What the task asks:
For the string "finite", find every matching line in the records and copy it.

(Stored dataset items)
theorem proposition2:
  fixes \<alpha>1 \<alpha>2 :: real
  assumes "\<alpha>1 > 0" and "\<alpha>1 + \<alpha>2 + 1 > 0"
  defines "\<alpha>N \<equiv> \<alpha>1 + \<alpha>2 + 1"
    and "\<alpha>D \<equiv> (\<alpha>1 + \<alpha>2 + 1) / (\<alpha>1 + 1)"
    and "\<alpha>C \<equiv> (\<alpha>1 + \<alpha>2 + 1) * ((\<alpha>1 + \<alpha>2 + 1) / (\<alpha>1 + 1)) / ((\<alpha>1 + \<alpha>2 + 1) + 2 * ((\<alpha>1 + \<alpha>2 + 1) / (\<alpha>1 + 1)))"
  shows "\<exists>Nopt Dopt :: real \<Rightarrow> real.
     (\<forall>\<^sub>F C in at_top.
        is_opt_alloc \<alpha>N \<alpha>D C (Nopt C) (Dopt C) \<and>
        (\<forall>N D. is_opt_alloc \<alpha>N \<alpha>D C N D \<longrightarrow> N = Nopt C \<and> D = Dopt C) \<and>
        Nopt C < Dopt C)
   \<and> Nopt \<in> \<Theta>[at_top](\<lambda>C. C powr (\<alpha>D / (\<alpha>N + 2 * \<alpha>D)))
   \<and> Dopt \<in> \<Theta>[at_top](\<lambda>C. C powr (1 - 2 * \<alpha>D / (\<alpha>N + 2 * \<alpha>D)))
   \<and> (\<lambda>C. loss \<alpha>N \<alpha>D (Nopt C) (Dopt C)) \<in> \<Theta>[at_top](\<lambda>C. C powr (- \<alpha>C))
   \<and> \<alpha>D / (\<alpha>N + 2 * \<alpha>D) = 1 / (\<alpha>1 + 3)
   \<and> 1 - 2 * \<alpha>D / (\<alpha>N + 2 * \<alpha>D) = (\<alpha>1 + 1) / (\<alpha>1 + 3)
   \<and> \<alpha>C = (\<alpha>1 + \<alpha>2 + 1) / (\<alpha>1 + 3)
   \<and> \<alpha>C > 0"
proof -
  have \<alpha>1: "\<alpha>1 + 1 > 0" "\<alpha>1 + 3 > 0"
    using assms(1) by simp_all
  have pos: "\<alpha>N > 0" "\<alpha>D > 0"
    using assms(2) \<alpha>1 by (simp_all add: \<alpha>N_def \<alpha>D_def)
  have \<alpha>D: "\<alpha>D = \<alpha>N / (\<alpha>1 + 1)"
    unfolding \<alpha>D_def \<alpha>N_def ..
  then have "\<alpha>D < \<alpha>N"
    using mult_strict_left_mono[of 1 "\<alpha>1 + 1" \<alpha>N] pos(1) \<alpha>1 assms(1) by (simp add: divide_less_eq)
  have \<alpha>C: "\<alpha>C = \<alpha>N * \<alpha>D / (\<alpha>N + 2 * \<alpha>D)"
    unfolding \<alpha>C_def \<alpha>N_def \<alpha>D_def ..
  have "\<alpha>N + 2 * \<alpha>D = \<alpha>D * (\<alpha>1 + 3)"
    using \<alpha>D \<alpha>1 by (simp add: field_simps)
  then have exponent_N: "\<alpha>D / (\<alpha>N + 2 * \<alpha>D) = 1 / (\<alpha>1 + 3)"
    using pos by simp
  moreover have "1 - 2 * \<alpha>D / (\<alpha>N + 2 * \<alpha>D) = (\<alpha>1 + 1) / (\<alpha>1 + 3)"
    unfolding times_divide_eq_right[symmetric] exponent_N using \<alpha>1 by (simp add: field_simps)
  moreover have "\<alpha>C = (\<alpha>1 + \<alpha>2 + 1) / (\<alpha>1 + 3)"
    unfolding \<alpha>C times_divide_eq_right[symmetric] exponent_N by (simp add: \<alpha>N_def)
  moreover have "\<alpha>C > 0"
    using pos by (simp add: \<alpha>C)
  ultimately show ?thesis
    using eventually_unique_opt_alloc[OF pos \<open>\<alpha>D < \<alpha>N\<close>]
      opt_param_bigtheta[OF pos] opt_data_bigtheta[OF pos] loss_opt_alloc_bigtheta[OF pos]
    unfolding \<alpha>C by blast
qed

end
(* In the setting described in the context, let $S^v_m=R^v_{m+1}-R^v_m=\sum_{w\in V_m}L^v_w(C^{vw})$ and $b_m=\big(E\|S^\emptyset_m\|_\infty^2\big)^{1/2}$. Then $b_m^2\le\frac23\,b_{m-1}^2$ for all $m\in\mathbb N$; consequently $b_m\le(2/3)^{m/2}\,b_0$ with $b_0=(E\|C^\emptyset\|_\infty^2)^{1/2}<\infty$, and $\sum_{m\ge0}\|S^\emptyset_m\|_\infty<\infty$ almost surely.
   Context: Notation. $V=\bigcup_{k\ge0}\{1,2\}^k$ is the rooted binary tree of finite words over $\{1,2\}$; $\emptyset$ is the empty word (root), $vw$ is concatenation, $|v|$ is the length, $V_m$ (resp. $V_{<m}$) is the set of words of length $m$ (resp. $<m$). $D=D[0,1]$ is the space of càdlàg functions $[0,1]\to\mathbb R$, $\|f\|_\infty=\sup_t|f(t)|$. $(U^v)_{v\in V}$ are i.i.d. random variables uniformly distributed on $[0,1]$. Cost functions: $C(x)=1+2x\ln x+2(1-x)\ln(1-x)$ for $x\in[0,1]$ (with $0\ln0=0$), and for $t,x\in[0,1]$, $C(t,x)=C(x)+2\,\mathbf 1_{t<x}\big(-1+x+(1-t)\ln(1-t)-(1-x)\ln(1-x)-(x-t)\ln(x-t)\big)$. Quicksort limit variables: for $v,w\in V$ put $\ell^v_\emptyset=1$, $\ell^v_{w1}=\ell^v_wU^{vw}$, $\ell^v_{w2}=\ell^v_w(1-U^{vw})$ and $Q^v=\lim_{m\to\infty}\sum_{w\in V_{<m}}\ell^v_wC(U^{vw})$; this limit exists a.s. and in $L_2$, $Q^v$ has the mean-zero Quicksort limit distribution (which has finite moments of all orders), and $Q^v=U^vQ^{v1}+(1-U^v)Q^{v2}+C(U^v)$ a.s. Weighted branching structure: for $v\in V$ define random linear maps $T^v_1,T^v_2$ on functions $h:[0,1]\to\mathbb R$ by $(T^v_1h)(t)=\mathbf 1_{t<U^v}\,U^v\,h(1\wedge t/U^v)$ and $(T^v_2h)(t)=\mathbf 1_{t\ge U^v}(1-U^v)\,h\big(0\vee\frac{t-U^v}{1-U^v}\big)$; the random function $C^v(t)=C(t,U^v)+\mathbf 1_{t\ge U^v}U^vQ^{v1}$; path operators $L^v_\emptyset=\mathrm{id}$, $L^v_{wi}=L^v_w\circ T^{vw}_i$ ($i=1,2$); and $R^v_m=\sum_{w\in V_{<m}}L^v_w(C^{vw})$ for $m\in\mathbb N_0$ (so $R^v_0=0$). *)

theory Defs
  imports "HOL-Probability.Probability"
begin
text \<open>Induction on m: while l < m, one exchange step removes the
  last slice and one term; when l = m, the 2l rows of the slices are independent vectors
  in the span of the b_s, so Steinitz gives |S| \<ge> 2l.\<close>
lemma decomposition_size_bound:
  fixes A :: "nat \<Rightarrow> nat \<Rightarrow> nat \<Rightarrow> 'a::field"
  assumes "finite S"
    and "\<forall>k<m. \<forall>i<2. \<forall>q<n. A k i q = (\<Sum>s\<in>S. g s k * a s i * b s q)"
    and "indep_family ({..<2} \<times> {..<n}) m (\<lambda>k x. A k (fst x) (snd x))"
    and "modifications_full_rank n m l A"
    and "l \<le> m"
  shows "m + l \<le> card S"
  using assms
proof (induction m arbitrary: A g S)
  case 0
  then show ?case by simp
next
  case (Suc m)
  note fin = Suc.prems(1) and decomp = Suc.prems(2) and indep = Suc.prems(3)
    and full = Suc.prems(4)
  show ?case
  proof (cases "l = Suc m")
    case True
    have rows: "indep_family {..<n} (2 * l) (\<lambda>col q. A (col div 2) (col mod 2) q)"
      using full[unfolded modifications_full_rank_def, rule_format, of "\<lambda>_ _. 0"]
      by (simp add: transposed_concat_def modified_slice_def)
    have "\<forall>col<2 * l. \<forall>q\<in>{..<n}. A (col div 2) (col mod 2) q
        = (\<Sum>s\<in>S. (g s (col div 2) * a s (col mod 2)) * b s q)"
      using decomp True by auto
    then have "2 * l \<le> card S"
      by (rule indep_family_in_span_card_le[OF fin rows])
    with True show ?thesis by simp
  next
    case False
    then have lm: "l \<le> m" using Suc.prems(5) by simp
    have span: "\<forall>k<Suc m. \<forall>x\<in>{..<2} \<times> {..<n}. A k (fst x) (snd x)
        = (\<Sum>s\<in>S. g s k * (a s (fst x) * b s (snd x)))"
      using decomp by (auto simp: mult.assoc)
    obtain s r where s: "s \<in> S"
      and indep': "indep_family ({..<2} \<times> {..<n}) m
          (\<lambda>k x. A k (fst x) (snd x) - r k * A m (fst x) (snd x))"
      and span': "\<forall>k<m. \<forall>x\<in>{..<2} \<times> {..<n}. A k (fst x) (snd x) - r k * A m (fst x) (snd x)
          = (\<Sum>t\<in>S-{s}. (g t k - r k * g t m) * (a t (fst x) * b t (snd x)))"
      by (rule exchange_step[OF fin indep span])
    have decomp': "\<forall>k<m. \<forall>i<2. \<forall>q<n. A k i q - r k * A m i q
        = (\<Sum>t\<in>S-{s}. (g t k - r k * g t m) * a t i * b t q)"
      using span' by (auto simp: mult.assoc)
    have "m + l \<le> card (S - {s})"
      using Suc.IH[OF _ decomp' _ modifications_full_rank_eliminate[OF lm full] lm] fin indep'
      by simp
    then show ?thesis
      using card_Suc_Diff1[OF fin s] by simp
  qed
qed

Answer:
   Context: Notation. $V=\bigcup_{k\ge0}\{1,2\}^k$ is the rooted binary tree of finite words over $\{1,2\}$; $\emptyset$ is the empty word (root), $vw$ is concatenation, $|v|$ is the length, $V_m$ (resp. $V_{<m}$) is the set of words of length $m$ (resp. $<m$). $D=D[0,1]$ is the space of càdlàg functions $[0,1]\to\mathbb R$, $\|f\|_\infty=\sup_t|f(t)|$. $(U^v)_{v\in V}$ are i.i.d. random variables uniformly distributed on $[0,1]$. Cost functions: $C(x)=1+2x\ln x+2(1-x)\ln(1-x)$ for $x\in[0,1]$ (with $0\ln0=0$), and for $t,x\in[0,1]$, $C(t,x)=C(x)+2\,\mathbf 1_{t<x}\big(-1+x+(1-t)\ln(1-t)-(1-x)\ln(1-x)-(x-t)\ln(x-t)\big)$. Quicksort limit variables: for $v,w\in V$ put $\ell^v_\emptyset=1$, $\ell^v_{w1}=\ell^v_wU^{vw}$, $\ell^v_{w2}=\ell^v_w(1-U^{vw})$ and $Q^v=\lim_{m\to\infty}\sum_{w\in V_{<m}}\ell^v_wC(U^{vw})$; this limit exists a.s. and in $L_2$, $Q^v$ has the mean-zero Quicksort limit distribution (which has finite moments of all orders), and $Q^v=U^vQ^{v1}+(1-U^v)Q^{v2}+C(U^v)$ a.s. Weighted branching structure: for $v\in V$ define random linear maps $T^v_1,T^v_2$ on functions $h:[0,1]\to\mathbb R$ by $(T^v_1h)(t)=\mathbf 1_{t<U^v}\,U^v\,h(1\wedge t/U^v)$ and $(T^v_2h)(t)=\mathbf 1_{t\ge U^v}(1-U^v)\,h\big(0\vee\frac{t-U^v}{1-U^v}\big)$; the random function $C^v(t)=C(t,U^v)+\mathbf 1_{t\ge U^v}U^vQ^{v1}$; path operators $L^v_\emptyset=\mathrm{id}$, $L^v_{wi}=L^v_w\circ T^{vw}_i$ ($i=1,2$); and $R^v_m=\sum_{w\in V_{<m}}L^v_w(C^{vw})$ for $m\in\mathbb N_0$ (so $R^v_0=0$). *)
  assumes "finite S"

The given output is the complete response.